In yet another embodiment, AppAttributes type can be the keys of non-standard HTTP headers (or unknown HTTP headers) in HTTP requests, the key of each cookies in the cookie header in HTTP requests, the key of each query argument in requests URL, the HTTP request sizes, the HTTP response sizes, the HTTP response status code, source client IP address attributes, as appeared in X-Forwarded-For header or in Layer 3 IP header, like geo-location (e.g. country and city) and ASN assignments and the like, User Agent values, the TLS figure printing values computed over client-hello messages in the incoming traffic, the distribution of the time duration in seconds between HTTP request and their corresponding HTTP response, the key of each cookies in cookie of HTTP response set-cookie header. When selecting AppAttributes types it is essential to select applicative attributes that their values and distributions uniquely identify legitimate traffic, as presented in legitimate traffic, but cannot be introduced by an attack tool. This is because transactions generated by the attack tool are generic as the attack tool is not targeted to the specific victim server application. As such, it is to assume that requests crafted by an attack tool will not have an AppAttributes distribution similar to the distribution legit client's requests have. In an embodiment, the AppAttribute provides a measure to distinguish flash crowd conditions from attack scenarios.

An example of AppAttributes buffer 300, which is a window buffer or a baseline buffer, is shown in FIG. 3. The buffer 300 includes an AppAttribute key value field (311), an occurrence (occ) field (312), a weight field (313), and an age field (314).

The AppAttribute key value field (311) includes a name of the key value, such as query arguments (args) name, a non-standard HTTP header name, a cookies name, an HTTP request size range, an HTTP response size range, an HTTP response status code (e.g., 200), source IP address attribute (geo, ANS and alike), User Agent values, TLS figure print attribute, a set-cookie cookies name and the like. The Occ field (312) represents the number of occurrences, or the average number of occurrences, for an AppAttributes specific key value over a period of time. The weight field (313) includes the AppAttributes specific key value occurrences relating to other AppAttributes (from the same type) appeared in the same received HTTP requests. As an example, the weight value may be set to:

Weight=1/(total number AppAttributes appeared in a transaction)  Eq. 6

The age field (314) represents the last time an AppAttribute key value was observed in a received HTTP request.

For each AppAttributes type multiple buffers are created, one for each AppAttribute key value. The buffers are saved in a memory of the system 110, and the number of buffers, in an embodiment, is limited to allow safe memory management and eliminate an attacker to overwhelm detection system 110 memory during an active attack, where a vast number of new AppAttribute keys value might be appeared.
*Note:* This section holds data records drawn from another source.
(* Let $f=\sum_{j=0}^7f_je_j$ be a paravector-valued function on $\mathbb R^8$ whose coordinate functions have partial derivatives, identified with the octonion-valued function with the same coordinates. Then: (a) $f$ is left regular if and only if $[\partial_xfI]_0=0$ and $[\partial_xfI]_1=0$; (b) $f$ is B-regular (both left and right regular) if and only if $[\partial_xfI]_0=0$, $[\partial_xfI]_1=0$, and $[\partial_xfW]_1=0$.
   Context: $\mathrm{Cl}_{0,7}$ is the real associative Clifford algebra generated by $e_1,\dots,e_7$ with $e_ie_j+e_je_i=-2\delta_{ij}$ and $e_0=1$; $e_{i_1\cdots i_k}=e_{i_1}\cdots e_{i_k}$; $[c]_k$ is the grade-$k$ part of $c$. $\partial_xf=\sum_{i,j=0}^7e_ie_j\,\partial_{x_i}f_j$ (Clifford product), and $\partial_xfI$, $\partial_xfW$ denote Clifford products of $\partial_xf$ with $I$, $W$. $W=e_{123}+e_{145}+e_{176}+e_{246}+e_{257}+e_{347}+e_{365}$ and $I=\frac1{16}(1+We_{1234567})(1-e_{1234567})$. $\mathbb O$ is the octonion algebra with basis $1,e_1,\dots,e_7$ and product $\circ$ determined by: $e_i\circ e_i=-1$, $e_i\circ e_j=-e_j\circ e_i$ ($i\ne j$), and $e_i\circ e_j=e_k$, $e_j\circ e_k=e_i$, $e_k\circ e_i=e_j$ for each ordered triple $(i,j,k)\in\{(1,2,3),(1,4,5),(1,7,6),(2,4,6),(2,5,7),(3,4,7),(3,6,5)\}$. For octonion-valued $f$: $D_xf=\sum_{i,j=0}^7e_i\circ e_j\,\partial_{x_i}f_j$, $fD_x=\sum_{i,j=0}^7e_j\circ e_i\,\partial_{x_i}f_j$; left regular means $D_xf=0$, right regular means $fD_x=0$. *)

theory Defs
  imports "HOL-Analysis.Analysis"
begin

text \<open>Elements of Cl(0,7) are coefficient functions on blades; a blade is a subset
  of {1..7} (the sorted product of its generators). Only subsets of {1..7} carry
  meaningful coefficients.\<close>

type_synonym cl = "nat set \<Rightarrow> real"

definition blades :: "nat set set" where
  "blades = Pow {1..7}"

text \<open>Sign in e_A e_B = csign A B * e_(A symmetric-difference B), using e_i e_i = -1.\<close>
definition csign :: "nat set \<Rightarrow> nat set \<Rightarrow> real" where
  "csign A B = (-1) ^ (card {(a, b). a \<in> A \<and> b \<in> B \<and> b < a} + card (A \<inter> B))"

definition cmul :: "cl \<Rightarrow> cl \<Rightarrow> cl" where
  "cmul x y = (\<lambda>C. \<Sum>A\<in>blades. \<Sum>B\<in>blades.
      (if (A - B) \<union> (B - A) = C then csign A B * x A * y B else 0))"

definition cadd :: "cl \<Rightarrow> cl \<Rightarrow> cl" where
  "cadd x y = (\<lambda>C. x C + y C)"

definition cscale :: "real \<Rightarrow> cl \<Rightarrow> cl" where
  "cscale r x = (\<lambda>C. r * x C)"

definition blade :: "nat set \<Rightarrow> cl" where
  "blade S = (\<lambda>A. if A = S then 1 else 0)"

definition cgen :: "nat \<Rightarrow> cl" where
  "cgen i = blade (if i = 0 then {} else {i})"

definition e3 :: "nat \<Rightarrow> nat \<Rightarrow> nat \<Rightarrow> cl" where
  "e3 i j k = cmul (cgen i) (cmul (cgen j) (cgen k))"

definition cW :: cl where
  "cW = (\<lambda>C. e3 1 2 3 C + e3 1 4 5 C + e3 1 7 6 C + e3 2 4 6 C + e3 2 5 7 C
             + e3 3 4 7 C + e3 3 6 5 C)"

definition e1234567 :: cl where
  "e1234567 = cmul (cgen 1) (cmul (cgen 2) (cmul (cgen 3) (cmul (cgen 4)
                (cmul (cgen 5) (cmul (cgen 6) (cgen 7))))))"

definition cI :: cl where
  "cI = cscale (1/16) (cmul (cadd (cgen 0) (cmul cW e1234567))
                           (cadd (cgen 0) (cscale (-1) e1234567)))"

definition grade :: "nat \<Rightarrow> cl \<Rightarrow> cl" where
  "grade k c = (\<lambda>A. if card A = k then c A else 0)"

definition oct_triples :: "(nat \<times> nat \<times> nat) list" where
  "oct_triples = [(1,2,3),(1,4,5),(1,7,6),(2,4,6),(2,5,7),(3,4,7),(3,6,5)]"

definition oct_cyc :: "(nat \<times> nat \<times> nat) set" where
  "oct_cyc = (\<Union>(a,b,c)\<in>set oct_triples. {(a,b,c),(b,c,a),(c,a,b)})"

text \<open>oprod i j k = coefficient of e_k in e_i \<circ> e_j.\<close>
definition oprod :: "nat \<Rightarrow> nat \<Rightarrow> nat \<Rightarrow> real" where
  "oprod i j k =
     (if i = 0 then (if k = j then 1 else 0)
      else if j = 0 then (if k = i then 1 else 0)
      else if i = j then (if k = 0 then -1 else 0)
      else if (i, j, k) \<in> oct_cyc then 1
      else if (j, i, k) \<in> oct_cyc then -1
      else 0)"

text \<open>Coordinates x_0..x_7 of a point x in R^8 are x $ of_nat i.\<close>
definition pd :: "nat \<Rightarrow> (real^8 \<Rightarrow> real) \<Rightarrow> real^8 \<Rightarrow> real" where
  "pd i g x = deriv (\<lambda>t. g (x + t *\<^sub>R axis (of_nat i :: 8) 1)) 0"

definition has_partials :: "(nat \<Rightarrow> real^8 \<Rightarrow> real) \<Rightarrow> bool" where
  "has_partials f = (\<forall>i<8. \<forall>j<8. \<forall>x.
      (\<lambda>t. f j (x + t *\<^sub>R axis (of_nat i :: 8) 1)) differentiable (at 0))"

text \<open>D_x f and f D_x, as octonion coefficient vectors (index k = 0..7).\<close>
definition Dleft :: "(nat \<Rightarrow> real^8 \<Rightarrow> real) \<Rightarrow> real^8 \<Rightarrow> nat \<Rightarrow> real" where
  "Dleft f x k = (\<Sum>i<8. \<Sum>j<8. oprod i j k * pd i (f j) x)"

definition Dright :: "(nat \<Rightarrow> real^8 \<Rightarrow> real) \<Rightarrow> real^8 \<Rightarrow> nat \<Rightarrow> real" where
  "Dright f x k = (\<Sum>i<8. \<Sum>j<8. oprod j i k * pd i (f j) x)"

definition left_regular :: "(nat \<Rightarrow> real^8 \<Rightarrow> real) \<Rightarrow> bool" where
  "left_regular f = (\<forall>x. \<forall>k<8. Dleft f x k = 0)"

definition right_regular :: "(nat \<Rightarrow> real^8 \<Rightarrow> real) \<Rightarrow> bool" where
  "right_regular f = (\<forall>x. \<forall>k<8. Dright f x k = 0)"

text \<open>Clifford Dirac operator applied to the paravector-valued f.\<close>
definition cDirac :: "(nat \<Rightarrow> real^8 \<Rightarrow> real) \<Rightarrow> real^8 \<Rightarrow> cl" where
  "cDirac f x = (\<lambda>C. \<Sum>i<8. \<Sum>j<8. pd i (f j) x * cmul (cgen i) (cgen j) C)"

end

theory Submission
  imports Defs
begin

text \<open>Identify \<open>e\<^sub>0, \<dots>, e\<^sub>7\<close> with the octonion units. The grade-0 and grade-1 parts
  of \<open>e\<^sub>i e\<^sub>j I\<close> are \<open>(e\<^sub>i \<circ> e\<^sub>j)/16\<close>, and the grade-1 part of \<open>e\<^sub>i e\<^sub>j W\<close> is the vector
  part of \<open>(e\<^sub>j \<circ> e\<^sub>i - e\<^sub>i \<circ> e\<^sub>j)/2\<close>; these 128 identities are checked by expanding
  the products into sorted blades. By linearity \<open>[\<partial>\<^sub>x f I]\<^sub>0 + [\<partial>\<^sub>x f I]\<^sub>1 = D\<^sub>x f / 16\<close> and
  \<open>[\<partial>\<^sub>x f W]\<^sub>1\<close> is the vector part of \<open>(f D\<^sub>x - D\<^sub>x f)/2\<close>. Since the real part of
  \<open>e\<^sub>i \<circ> e\<^sub>j\<close> is symmetric in \<open>i, j\<close>, the real parts of \<open>D\<^sub>x f\<close> and \<open>f D\<^sub>x\<close> agree, so
  \<open>f D\<^sub>x = 0\<close> follows from \<open>D\<^sub>x f = 0\<close> together with the vanishing of \<open>[\<partial>\<^sub>x f W]\<^sub>1\<close>.\<close>

lemma finite_blades: "finite blades"
  by (simp add: blades_def)
theorem mainTheorem7:
  fixes A :: "'p fm"
  assumes "BIGL_valid TYPE('w \<times> 'd) A"
  shows "PIGL_valid TYPE('w) TYPE('d) TYPE('v) A"
  unfolding PIGL_valid_def
proof (intro allI impI ballI)
  fix K :: "('w, 'd, 'p) kstruct" and w and \<rho> :: "'v \<Rightarrow> 'd" and x
  assume K: "PIGL K" and w: "w \<in> kW K" and \<rho>: "\<forall>v. \<rho> v \<in> kD K w"
  then have "(w, \<rho> x) \<in> bW (bmodel_of K)"
    by (simp add: DW_def)
  then have "bsat (bmodel_of K) (w, \<rho> x) A"
    using assms BIGL_bmodel_of[OF K] unfolding BIGL_valid_def by blast
  moreover have "kripke_struct K"
    using K unfolding PIGL_def by blast
  ultimately show "ksat K w \<rho> x A"
    using ksat_iff_bsat_bmodel_of[of K w \<rho> x A] w \<rho> by simp
qed

end
lemma inf_map_section_open:
  assumes h: "h \<in> etale_opens" and x: "x \<in> C"
  shows "inf_map h (section_open x) = inf_map (const_map (h x)) (section_open x)"
proof
  fix y show "inf_map h (section_open x) y = inf_map (const_map (h x)) (section_open x) y"
  proof (cases "y \<in> C")
    case True
    let ?S = "{b \<in> compl_opens. equiv_b bop b x y}"
    have "inf (h y) (equality_extent x y) = (SUP b\<in>?S. inf b (h y))"
      unfolding equality_extent_def frame_inf_Sup_distrib[OF frame_law] by (simp add: inf_commute)
    also have "\<dots> = (SUP b\<in>?S. inf b (h x))"
      using etale_open_inf_cong[OF h _ x True] by (auto intro!: SUP_cong)
    also have "\<dots> = inf (h x) (equality_extent x y)"
      unfolding equality_extent_def frame_inf_Sup_distrib[OF frame_law] by (simp add: inf_commute)
    finally show ?thesis
      using True by (simp add: inf_map_def const_map_def section_open_def)
  qed (simp add: inf_map_def)
qed

lemma Sup_map_section_open: "Sup_map (section_open ` C) = const_map top"
proof
  fix y show "Sup_map (section_open ` C) y = const_map top y"
  proof (cases "y \<in> C")
    case True
    then have "section_open y y \<le> (SUP h\<in>section_open ` C. h y)"
      by (auto intro: SUP_upper)
    then show ?thesis
      using True by (simp add: Sup_map_def const_map_def section_open_def equality_extent_refl top_unique)
  qed (simp add: Sup_map_def const_map_def)
qed

text \<open>The image of the point Q under the etale map, whose inverse image sends u to the
  constant map at u.\<close>
definition base_point :: "('x \<Rightarrow> 'a) set \<Rightarrow> 'a set" where
  "base_point Q = {u. const_map u \<in> Q}"

definition fibre_point :: "'a set \<Rightarrow> 'x \<Rightarrow> ('x \<Rightarrow> 'a) set" where
  "fibre_point p x = {h \<in> etale_opens. h x \<in> p}"

context
  fixes Q :: "('x \<Rightarrow> 'a) set"
  assumes Q: "frame_point etale_opens (pointwise_le C) Q"
begin

lemma base_point_in_locale_points: "base_point Q \<in> locale_points"
  unfolding locale_points_iff base_point_def
proof (intro conjI allI)
  show "top \<in> {u. const_map u \<in> Q}" using const_map_top_in_etale_point[OF Q] by simp
  fix a b :: 'a
  have "const_map (inf a b) = inf_map (const_map a) (const_map b)"
    by (auto simp: const_map_def inf_map_def)
  then show "inf a b \<in> {u. const_map u \<in> Q} \<longleftrightarrow> a \<in> {u. const_map u \<in> Q} \<and> b \<in> {u. const_map u \<in> Q}"
    using inf_map_in_etale_point_iff[OF Q const_map_in_etale_opens const_map_in_etale_opens] by simp
next
  fix S :: "'a set"
  have "const_map (Sup S) = Sup_map (const_map ` S)"
    by (auto simp: const_map_def Sup_map_def image_image)
  moreover have "const_map ` S \<subseteq> etale_opens" using const_map_in_etale_opens by blast
  ultimately show "Sup S \<in> {u. const_map u \<in> Q} \<longleftrightarrow> (\<exists>y\<in>S. y \<in> {u. const_map u \<in> Q})"
    using Sup_map_in_etale_point_iff[OF Q] by simp
qed

lemma ex_section_open_in_etale_point: "\<exists>x\<in>C. section_open x \<in> Q"
  using Sup_map_in_etale_point_iff[OF Q, of "section_open ` C"] section_open_in_etale_opens
    Sup_map_section_open const_map_top_in_etale_point[OF Q] by auto

lemma etale_point_eq_fibre_point:
  assumes x: "x \<in> C" and xQ: "section_open x \<in> Q"
  shows "Q = fibre_point (base_point Q) x"
proof -
  have "h \<in> Q \<longleftrightarrow> const_map (h x) \<in> Q" if h: "h \<in> etale_opens" for h
  proof -
    have "h \<in> Q \<longleftrightarrow> inf_map h (section_open x) \<in> Q"
      using inf_map_in_etale_point_iff[OF Q h section_open_in_etale_opens[OF x]] xQ by simp
    also have "\<dots> \<longleftrightarrow> inf_map (const_map (h x)) (section_open x) \<in> Q"
      by (simp add: inf_map_section_open[OF h x])
    also have "\<dots> \<longleftrightarrow> const_map (h x) \<in> Q"
      using inf_map_in_etale_point_iff[OF Q const_map_in_etale_opens section_open_in_etale_opens[OF x]] xQ
      by simp
    finally show ?thesis .
  qed
  then show ?thesis
    using etale_point_subset[OF Q] unfolding fibre_point_def base_point_def by auto
qed

end

context
  fixes p :: "'a set" and x :: 'x
  assumes p: "p \<in> locale_points" and x: "x \<in> C"
begin

lemma fibre_point_is_etale_point: "frame_point etale_opens (pointwise_le C) (fibre_point p x)"
  unfolding etale_point_iff fibre_point_def
  using x const_map_in_etale_opens inf_map_in_etale_opens Sup_map_in_etale_opens
  by (auto simp: const_map_def inf_map_def Sup_map_def top_in_locale_point[OF p]
      inf_in_locale_point_iff[OF p] Sup_in_locale_point_iff[OF p])

lemma base_point_fibre_point: "base_point (fibre_point p x) = p"
  unfolding base_point_def fibre_point_def using x const_map_in_etale_opens
  by (simp add: const_map_def)

lemma section_open_in_fibre_point_iff:
  "y \<in> C \<Longrightarrow> section_open y \<in> fibre_point p x \<longleftrightarrow> equiv_p bop p x y"
  unfolding fibre_point_def using x section_open_in_etale_opens
  by (simp add: section_open_def equality_extent_sym equiv_p_iff_equality_extent[OF p])

end

lemma etale_point_cases:
  assumes "frame_point etale_opens (pointwise_le C) Q"
  obtains p x where "p \<in> locale_points" and "x \<in> C" and "Q = fibre_point p x"
  using ex_section_open_in_etale_point[OF assms] etale_point_eq_fibre_point[OF assms]
    base_point_in_locale_points[OF assms] by blast

definition germ_of_point :: "('x \<Rightarrow> 'a) set \<Rightarrow> 'a set \<times> 'x set" where
  "germ_of_point Q = (base_point Q, {y \<in> C. section_open y \<in> Q})"
lemma norm_squared_le:
  assumes "0 \<le> k2" "0 \<le> t"
  shows "(y1 t)\<^sup>2 + (y2 t)\<^sup>2 \<le> (1 + \<bar>k1\<bar>) / coercivity * ((y1 0)\<^sup>2 + (y2 0)\<^sup>2)"
proof -
  have "coercivity / 2 * ((y1 t)\<^sup>2 + (y2 t)\<^sup>2) \<le> lyapunov t"
    by (rule lyapunov_bounds(1))
  also have "\<dots> \<le> lyapunov 0"
    using monotone_onD[OF lyapunov_antimono[OF \<open>0 \<le> k2\<close>], of 0 t] \<open>0 \<le> t\<close> by simp
  also have "\<dots> \<le> (1 + \<bar>k1\<bar>) / 2 * ((y1 0)\<^sup>2 + (y2 0)\<^sup>2)"
    by (rule lyapunov_bounds(2))
  finally show ?thesis
    using coercivity_pos by (simp add: field_simps)
qed

end

locale saturated_oscillator_trajectory_pos = saturated_oscillator_trajectory +
  assumes k2: "0 < k2"
begin

definition bound :: real where
  "bound = sqrt (2 * lyapunov 0 / coercivity)"

lemma abs_le_bound:
  assumes "0 \<le> t"
  shows "\<bar>y1 t\<bar> \<le> bound" and "\<bar>y2 t\<bar> \<le> bound"
proof -
  have "coercivity / 2 * ((y1 t)\<^sup>2 + (y2 t)\<^sup>2) \<le> lyapunov 0"
    using lyapunov_bounds(1)[of t] monotone_onD[OF lyapunov_antimono, of 0 t] k2 assms by simp
  then have "(y1 t)\<^sup>2 + (y2 t)\<^sup>2 \<le> 2 * lyapunov 0 / coercivity"
    using coercivity_pos by (simp add: field_simps)
  then have "(y1 t)\<^sup>2 \<le> 2 * lyapunov 0 / coercivity" "(y2 t)\<^sup>2 \<le> 2 * lyapunov 0 / coercivity"
    using zero_le_power2[of "y1 t"] zero_le_power2[of "y2 t"] by linarith+
  then show "\<bar>y1 t\<bar> \<le> bound" "\<bar>y2 t\<bar> \<le> bound"
    unfolding bound_def by (metis real_sqrt_abs real_sqrt_le_mono)+
qed

lemma bound_nonneg: "0 \<le> bound"
  using abs_le_bound(1)[of 0] by simp

definition y2_deriv :: "real \<Rightarrow> real" where
  "y2_deriv t = - \<omega> * (y1 t + sat ub ul (k1 * y1 t + k2 * y2 t))"

lemma has_real_derivative_y2: "0 < t \<Longrightarrow> (y2 has_real_derivative y2_deriv t) (at t)"
  unfolding y2_deriv_def by (rule deriv2)

lemma lipschitz_y1: "(\<omega> * bound)-lipschitz_on {0..} y1"
proof (rule lipschitz_on_halfline_of_bounded_derivative[OF cont1 deriv1])
  show "\<bar>\<omega> * y2 t\<bar> \<le> \<omega> * bound" if "0 < t" for t
    using abs_le_bound(2)[of t] \<omega> that by (simp add: abs_mult)
qed

lemma lipschitz_y2: "(\<omega> * (bound + max ub ul))-lipschitz_on {0..} y2"
proof (rule lipschitz_on_halfline_of_bounded_derivative[OF cont2 has_real_derivative_y2])
  fix t :: real assume "0 < t"
  have "\<bar>y1 t + sat ub ul (k1 * y1 t + k2 * y2 t)\<bar> \<le> bound + max ub ul"
    using abs_le_bound(1)[of t] abs_sat_le[of ub ul] ub ul \<open>0 < t\<close> by (smt (verit))
  then show "\<bar>y2_deriv t\<bar> \<le> \<omega> * (bound + max ub ul)"
    unfolding y2_deriv_def using \<omega> by (simp add: abs_mult)
qed

lemma lipschitz_y2_deriv: "\<exists>C. C-lipschitz_on {0..} y2_deriv"
  unfolding y2_deriv_def
  by (rule exI, (rule lipschitz_on_cmult_real lipschitz_on_add lipschitz_y1 lipschitz_y2
        lipschitz_on_compose2[where g = "sat ub ul", OF _ lipschitz_on_sat])+)

lemma lipschitz_sat_gap: "\<exists>C. C-lipschitz_on {0..} sat_gap"
  unfolding sat_gap_def[abs_def]
  by (rule exI, (rule lipschitz_on_diff lipschitz_on_cmult_real lipschitz_on_add lipschitz_y1
        lipschitz_y2 lipschitz_on_compose2[where g = "sat ub ul", OF _ lipschitz_on_sat])+)

lemma abs_sat_gap_le: "\<bar>sat_gap t\<bar> \<le> k2 * \<bar>y2 t\<bar>"
  using abs_sat_diff_le[of ub ul "k1 * y1 t + k2 * y2 t" "k1 * y1 t"] k2
  by (simp add: sat_gap_def abs_mult)
(* Let $I:(0,1)\to(0,1)$ be a nondecreasing function. Then $I$ satisfies $$\int_0^t\frac{ds}{I(s)}\lesssim\frac{t}{I(t)},\quad t\in(0,1),$$ if and only if $$\sup_{0<s\le t}I(s)f^{**}(s)\approx\sup_{0<s\le t}I(s)f^*(s),\quad f\in\mathcal M_+(0,1),\ t\in(0,1).$$ In this case $m_I=M_I$ with equivalent norms.
   Context: $\mathcal M_+(0,1)$: nonnegative measurable functions on $(0,1)$; $f^*$ the nonincreasing rearrangement; $f^{**}(t)=\frac1t\int_0^tf^*(s)ds$. $\|f\|_{m_I}=\sup_{0<t<1}I(t)f^*(t)$, $\|f\|_{M_I}=\sup_{0<t<1}I(t)f^{**}(t)$, with $m_I$, $M_I$ the corresponding sets of functions with finite quantity. $\lesssim$, $\approx$ denote inequalities up to constants independent of $f$ and $t$. *)

theory Defs
  imports "HOL-Analysis.Analysis"
begin

text \<open>Nonnegative (possibly infinite-valued) Lebesgue measurable functions on (0,1).
  Values outside (0,1) are irrelevant: everything below only looks at (0,1).\<close>
definition Mplus :: "(real \<Rightarrow> ennreal) set" where
  "Mplus = borel_measurable lborel"

definition distr_fn :: "(real \<Rightarrow> ennreal) \<Rightarrow> ennreal \<Rightarrow> ennreal" where
  "distr_fn f s = emeasure lborel {x \<in> {0<..<1}. s < f x}"

definition rearr :: "(real \<Rightarrow> ennreal) \<Rightarrow> real \<Rightarrow> ennreal" where
  "rearr f t = Inf {s. distr_fn f s \<le> ennreal t}"

definition maxfn :: "(real \<Rightarrow> ennreal) \<Rightarrow> real \<Rightarrow> ennreal" where
  "maxfn f t = (\<integral>\<^sup>+ s. rearr f s * indicator {0<..<t} s \<partial>lborel) / ennreal t"

definition norm_m :: "(real \<Rightarrow> real) \<Rightarrow> (real \<Rightarrow> ennreal) \<Rightarrow> ennreal" where
  "norm_m I f = (SUP t\<in>{0<..<1}. ennreal (I t) * rearr f t)"

definition norm_M :: "(real \<Rightarrow> real) \<Rightarrow> (real \<Rightarrow> ennreal) \<Rightarrow> ennreal" where
  "norm_M I f = (SUP t\<in>{0<..<1}. ennreal (I t) * maxfn f t)"

definition space_m :: "(real \<Rightarrow> real) \<Rightarrow> (real \<Rightarrow> ennreal) set" where
  "space_m I = {f \<in> Mplus. norm_m I f < \<infinity>}"

definition space_M :: "(real \<Rightarrow> real) \<Rightarrow> (real \<Rightarrow> ennreal) set" where
  "space_M I = {f \<in> Mplus. norm_M I f < \<infinity>}"

end

(* If int_0^t ds/I(s) <= C t/I(t), then for 0 < s <= t
     int_0^s f* <= (sup_{u<=t} I(u) f*(u)) int_0^s ds/I(s) <= C s/I(s) sup_{u<=t} I(u) f*(u),
   so I f** is dominated by C times the running supremum of I f*; the converse
   domination is trivial because f* <= f**. Taking the supremum over t gives the norm
   equivalence. Conversely, test the supremum inequality on g = 1/I on (0,t): as I is
   nondecreasing, I g* <= 1 on (0,t] and g*(s) >= 1/I(2s), whence
     int_0^t ds/I(s) = 2 int_0^{t/2} ds/I(2s) <= 2 t g**(t) <= 2 C t/I(t). *)
theory Submission
  imports Defs
begin

lemma ennreal_mult_le_iff_le_inverse_mult:
  assumes "0 < a" shows "ennreal a * x \<le> y \<longleftrightarrow> x \<le> ennreal (1 / a) * y"
proof -
  have inverse: "ennreal (1 / a) * ennreal a = 1"
    using assms by (simp add: ennreal_mult[symmetric])
  show ?thesis
  proof
    assume "ennreal a * x \<le> y"
    then have "ennreal (1 / a) * (ennreal a * x) \<le> ennreal (1 / a) * y"
      by (rule mult_left_mono) simp
    then show "x \<le> ennreal (1 / a) * y" by (simp add: mult.assoc[symmetric] inverse)
  next
    assume "x \<le> ennreal (1 / a) * y"
    then have "ennreal a * x \<le> ennreal a * (ennreal (1 / a) * y)"
      by (rule mult_left_mono) simp
    then show "ennreal a * x \<le> y"
      by (simp add: mult.assoc[symmetric] mult.commute[of "ennreal a"] inverse)
  qed
qed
Attack tool is, in many cases, not aware of the whole list of legitimate AppAttributes of each type, therefore in many cases attack tool 125 uses randomized AppAttributes keys value. During an active volumetric attack, a very large number, ten thousand or even millions, of new AppAttributes keys are expected to be appeared. The baseline buffers are built as a set of AppAttributes buffer 300 as shown in FIG. 3. The baseline represents histogram (statistical distribution) of the AppAttributes keys values occurrences and/or weights from a first throughout the last time window. In an embodiment, a set of buffers from the baseline buffers are pre-set with key values. In an embodiment, such AppAttributes key values may be learned during a learning phase of the system 110 and thereafter through continuous learning during peace time. The baselining includes adding new key values buffers to the existing buffers that were observed during peacetime. The baseline buffers are updated each 10 seconds window (only when no active attack is detected), based on data aggregated on the window buffers.

It should be noted that the baseline represents the behavior of AppAttributes as it appeared at the protected application during peace time. In an embodiment, the peace time baseline is compared to the AppAttributes appearance behavior during anomaly window, and by that enables the detection of rate invariant applicative anomalous behavior.

The window buffers are also built as a set of AppAttributes buffer 300 as shown in FIG. 3 and it represents the histogram over the AppAttributes occurrences for the last time window only. That is, the window buffers are matched in their structure to the baseline buffers. For each AppAttributes type, the window buffers are divided into two sections. One section contains AppAttributes keys pre-assigned to AppAttributes from the baseline buffers. The second section is pre-allocated with AppAttributes buffer to be assigned for new AppAttributes keys values. The structure of a buffer as disclosed here ensures accounting for previously observed AppAttributes and eliminate new arriving AppAttributes from overwhelming the window buffers. The update of window AppAttributes buffer includes parsing an incoming transaction (request and response) to identify an AppAttribute and add or update a key value in the respective buffer; incrementing the occ field (312), if applicable, updating the weight field (313) based on Eq. 6 above; and setting the age field (314) to a timestamp of a current window time. The update of window buffers is performed for each time window. In an embodiment, the respective buffers are updated by each incoming HTTP transactions. In yet another embodiment, the respective buffers are updated by sampled incoming HTTP transactions. The sampling can be for 1 in N transactions, the first N transactions in a time window, and similar. In yet another embodiment, the sampling rate N can be different for peacetime conditions and attack time conditions, to better adjust to the number of HTTP requests transmitted toward the protected entity.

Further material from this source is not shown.